> Stored data
═══
text \<open>Simple graphs on the finite vertex type 'n: a symmetric irreflexive relation E.\<close>

definition adj_matrix :: "('n::finite \<Rightarrow> 'n \<Rightarrow> bool) \<Rightarrow> real^'n^'n" where
  "adj_matrix E = (\<chi> i j. if E i j then 1 else 0)"

definition is_eigenvalue :: "real^'n^'n \<Rightarrow> real \<Rightarrow> bool" where
  "is_eigenvalue A \<mu> \<longleftrightarrow> (\<exists>v. v \<noteq> 0 \<and> A *v v = \<mu> *\<^sub>R v)"

definition lambda_max :: "real^'n^'n \<Rightarrow> real" where
  "lambda_max A = Max {\<mu>. is_eigenvalue A \<mu>}"

definition lambda_min :: "real^'n^'n \<Rightarrow> real" where
  "lambda_min A = Min {\<mu>. is_eigenvalue A \<mu>}"

definition eigenspace :: "real^'n^'n \<Rightarrow> real \<Rightarrow> (real^'n) set" where
  "eigenspace A \<mu> = {v. A *v v = \<mu> *\<^sub>R v}"

definition orth_proj :: "'a::real_inner set \<Rightarrow> 'a \<Rightarrow> 'a" where
  "orth_proj S x = (THE w. w \<in> S \<and> (\<forall>u\<in>S. inner (x - w) u = 0))"

definition lovasz_theta :: "('n::finite \<Rightarrow> 'n \<Rightarrow> bool) \<Rightarrow> real" where
  "lovasz_theta E = Inf (lambda_max ` {B :: real^'n^'n. transpose B = B \<and>
      (\<forall>i j. (i = j \<or> \<not> E i j) \<longrightarrow> B $ i $ j = 1)})"

end

theory Submission
  imports Defs
begin

(*
  Take B = J - t A, with J the all-ones matrix and a weight t >= 0.  B is symmetric with
  B_ij = 1 on the diagonal and at non-edges, so theta(G) <= lambda_max(B).  Split
  x = x1 + x2 with x1 in the lambda_1-eigenspace of A and x2 orthogonal to it, and let
  c = |x1|, s = |x2|.  Cauchy-Schwarz on both parts gives |<1,x>| <= sqrt p c + sqrt (n - p) s,
  and x^T A x >= lambda_1 c^2 + lambda_n s^2, so x^T B x is bounded by a quadratic form in
  (c, s) alone.  With r = sqrt (lambda_1 (n - p) / (-lambda_n p)), T the claimed bound and
  t = (p (1 + r) - T) / lambda_1, that form is at most T (c^2 + s^2), and the hypothesis on p
  is what makes t >= 0.  Finally p > 0 because the entrywise absolute value of a top
  eigenvector of a nonnegative symmetric matrix is again a top eigenvector.
*)

lemma symmetric_matrix_inner_commute:
  fixes B :: "real^'n^'n"
  assumes "transpose B = B"
  shows "inner (B *v x) y = inner x (B *v y)"
  by (metis assms dot_lmul_matrix vector_transpose_matrix)

lemma linear_coeff_zero_if_quadratic_nonpos:
  fixes b c :: real
  assumes "\<And>e. b * e + c * e\<^sup>2 \<le> 0"
  shows "b = 0"
proof (rule ccontr)
  assume "b \<noteq> 0"
  define d where "d = \<bar>c\<bar> + 1"
  have "d > 0" "c \<ge> 1 - d" by (auto simp: d_def)
  have "b\<^sup>2 * (d + c) = d\<^sup>2 * (b * (b / d) + c * (b / d)\<^sup>2)"
    using \<open>d > 0\<close> by (simp add: field_simps power2_eq_square)
  also have "\<dots> \<le> 0" using assms[of "b / d"] by (intro mult_nonneg_nonpos) simp_all
  finally have "b\<^sup>2 * (d + c) \<le> 0" .
  moreover have "b\<^sup>2 * (d + c) > 0"
    using \<open>b \<noteq> 0\<close> \<open>c \<ge> 1 - d\<close> by (intro mult_pos_pos) auto
  ultimately show False by linarith
qed

lemma quadratic_form_maximizer_is_eigenvector:
  fixes B :: "real^'n^'n"
  assumes sym: "transpose B = B"
    and le: "\<And>x. inner x (B *v x) \<le> M * inner x x"
    and eq: "inner z (B *v z) = M * inner z z"
  shows "B *v z = M *\<^sub>R z"
proof -
  define w where "w = B *v z - M *\<^sub>R z"
  define c where "c = inner w (B *v w) - M * inner w w"
  have w_form: "inner w (B *v z) - M * inner w z = inner w w"
    by (subst (3) w_def) (simp add: inner_diff_right)
  \<comment> \<open>z maximises x \<bullet> B x - M x \<bullet> x, so the first variation along the residual w must vanish\<close>
  have "2 * inner w w * e + c * e\<^sup>2 \<le> 0" for e
  proof -
    have "inner (z + e *\<^sub>R w) (B *v (z + e *\<^sub>R w)) - M * inner (z + e *\<^sub>R w) (z + e *\<^sub>R w)
        = (inner z (B *v z) - M * inner z z) + 2 * e * (inner w (B *v z) - M * inner w z) + c * e\<^sup>2"
      using symmetric_matrix_inner_commute[OF sym, of w z] inner_commute[of z "B *v w"]
      by (simp add: c_def algebra_simps power2_eq_square inner_commute[of z w])
    then show ?thesis using le[of "z + e *\<^sub>R w"] eq w_form by (simp add: algebra_simps)
  qed
  then have "2 * inner w w = 0" by (rule linear_coeff_zero_if_quadratic_nonpos)
  then show ?thesis by (simp add: w_def)
qed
═══
> How to complete this task
Exact copies of all the entries above are to be printed.

> Answer to the problem
text \<open>Simple graphs on the finite vertex type 'n: a symmetric irreflexive relation E.\<close>

definition adj_matrix :: "('n::finite \<Rightarrow> 'n \<Rightarrow> bool) \<Rightarrow> real^'n^'n" where
  "adj_matrix E = (\<chi> i j. if E i j then 1 else 0)"

definition is_eigenvalue :: "real^'n^'n \<Rightarrow> real \<Rightarrow> bool" where
  "is_eigenvalue A \<mu> \<longleftrightarrow> (\<exists>v. v \<noteq> 0 \<and> A *v v = \<mu> *\<^sub>R v)"

definition lambda_max :: "real^'n^'n \<Rightarrow> real" where
  "lambda_max A = Max {\<mu>. is_eigenvalue A \<mu>}"

definition lambda_min :: "real^'n^'n \<Rightarrow> real" where
  "lambda_min A = Min {\<mu>. is_eigenvalue A \<mu>}"

definition eigenspace :: "real^'n^'n \<Rightarrow> real \<Rightarrow> (real^'n) set" where
  "eigenspace A \<mu> = {v. A *v v = \<mu> *\<^sub>R v}"

definition orth_proj :: "'a::real_inner set \<Rightarrow> 'a \<Rightarrow> 'a" where
  "orth_proj S x = (THE w. w \<in> S \<and> (\<forall>u\<in>S. inner (x - w) u = 0))"

definition lovasz_theta :: "('n::finite \<Rightarrow> 'n \<Rightarrow> bool) \<Rightarrow> real" where
  "lovasz_theta E = Inf (lambda_max ` {B :: real^'n^'n. transpose B = B \<and>
      (\<forall>i j. (i = j \<or> \<not> E i j) \<longrightarrow> B $ i $ j = 1)})"

end

theory Submission
  imports Defs
begin

(*
  Take B = J - t A, with J the all-ones matrix and a weight t >= 0.  B is symmetric with
  B_ij = 1 on the diagonal and at non-edges, so theta(G) <= lambda_max(B).  Split
  x = x1 + x2 with x1 in the lambda_1-eigenspace of A and x2 orthogonal to it, and let
  c = |x1|, s = |x2|.  Cauchy-Schwarz on both parts gives |<1,x>| <= sqrt p c + sqrt (n - p) s,
  and x^T A x >= lambda_1 c^2 + lambda_n s^2, so x^T B x is bounded by a quadratic form in
  (c, s) alone.  With r = sqrt (lambda_1 (n - p) / (-lambda_n p)), T the claimed bound and
  t = (p (1 + r) - T) / lambda_1, that form is at most T (c^2 + s^2), and the hypothesis on p
  is what makes t >= 0.  Finally p > 0 because the entrywise absolute value of a top
  eigenvector of a nonnegative symmetric matrix is again a top eigenvector.
*)

lemma symmetric_matrix_inner_commute:
  fixes B :: "real^'n^'n"
  assumes "transpose B = B"
  shows "inner (B *v x) y = inner x (B *v y)"
  by (metis assms dot_lmul_matrix vector_transpose_matrix)

lemma linear_coeff_zero_if_quadratic_nonpos:
  fixes b c :: real
  assumes "\<And>e. b * e + c * e\<^sup>2 \<le> 0"
  shows "b = 0"
proof (rule ccontr)
  assume "b \<noteq> 0"
  define d where "d = \<bar>c\<bar> + 1"
  have "d > 0" "c \<ge> 1 - d" by (auto simp: d_def)
  have "b\<^sup>2 * (d + c) = d\<^sup>2 * (b * (b / d) + c * (b / d)\<^sup>2)"
    using \<open>d > 0\<close> by (simp add: field_simps power2_eq_square)
  also have "\<dots> \<le> 0" using assms[of "b / d"] by (intro mult_nonneg_nonpos) simp_all
  finally have "b\<^sup>2 * (d + c) \<le> 0" .
  moreover have "b\<^sup>2 * (d + c) > 0"
    using \<open>b \<noteq> 0\<close> \<open>c \<ge> 1 - d\<close> by (intro mult_pos_pos) auto
  ultimately show False by linarith
qed

lemma quadratic_form_maximizer_is_eigenvector:
  fixes B :: "real^'n^'n"
  assumes sym: "transpose B = B"
    and le: "\<And>x. inner x (B *v x) \<le> M * inner x x"
    and eq: "inner z (B *v z) = M * inner z z"
  shows "B *v z = M *\<^sub>R z"
proof -
  define w where "w = B *v z - M *\<^sub>R z"
  define c where "c = inner w (B *v w) - M * inner w w"
  have w_form: "inner w (B *v z) - M * inner w z = inner w w"
    by (subst (3) w_def) (simp add: inner_diff_right)
  \<comment> \<open>z maximises x \<bullet> B x - M x \<bullet> x, so the first variation along the residual w must vanish\<close>
  have "2 * inner w w * e + c * e\<^sup>2 \<le> 0" for e
  proof -
    have "inner (z + e *\<^sub>R w) (B *v (z + e *\<^sub>R w)) - M * inner (z + e *\<^sub>R w) (z + e *\<^sub>R w)
        = (inner z (B *v z) - M * inner z z) + 2 * e * (inner w (B *v z) - M * inner w z) + c * e\<^sup>2"
      using symmetric_matrix_inner_commute[OF sym, of w z] inner_commute[of z "B *v w"]
      by (simp add: c_def algebra_simps power2_eq_square inner_commute[of z w])
    then show ?thesis using le[of "z + e *\<^sub>R w"] eq w_form by (simp add: algebra_simps)
  qed
  then have "2 * inner w w = 0" by (rule linear_coeff_zero_if_quadratic_nonpos)
  then show ?thesis by (simp add: w_def)
qed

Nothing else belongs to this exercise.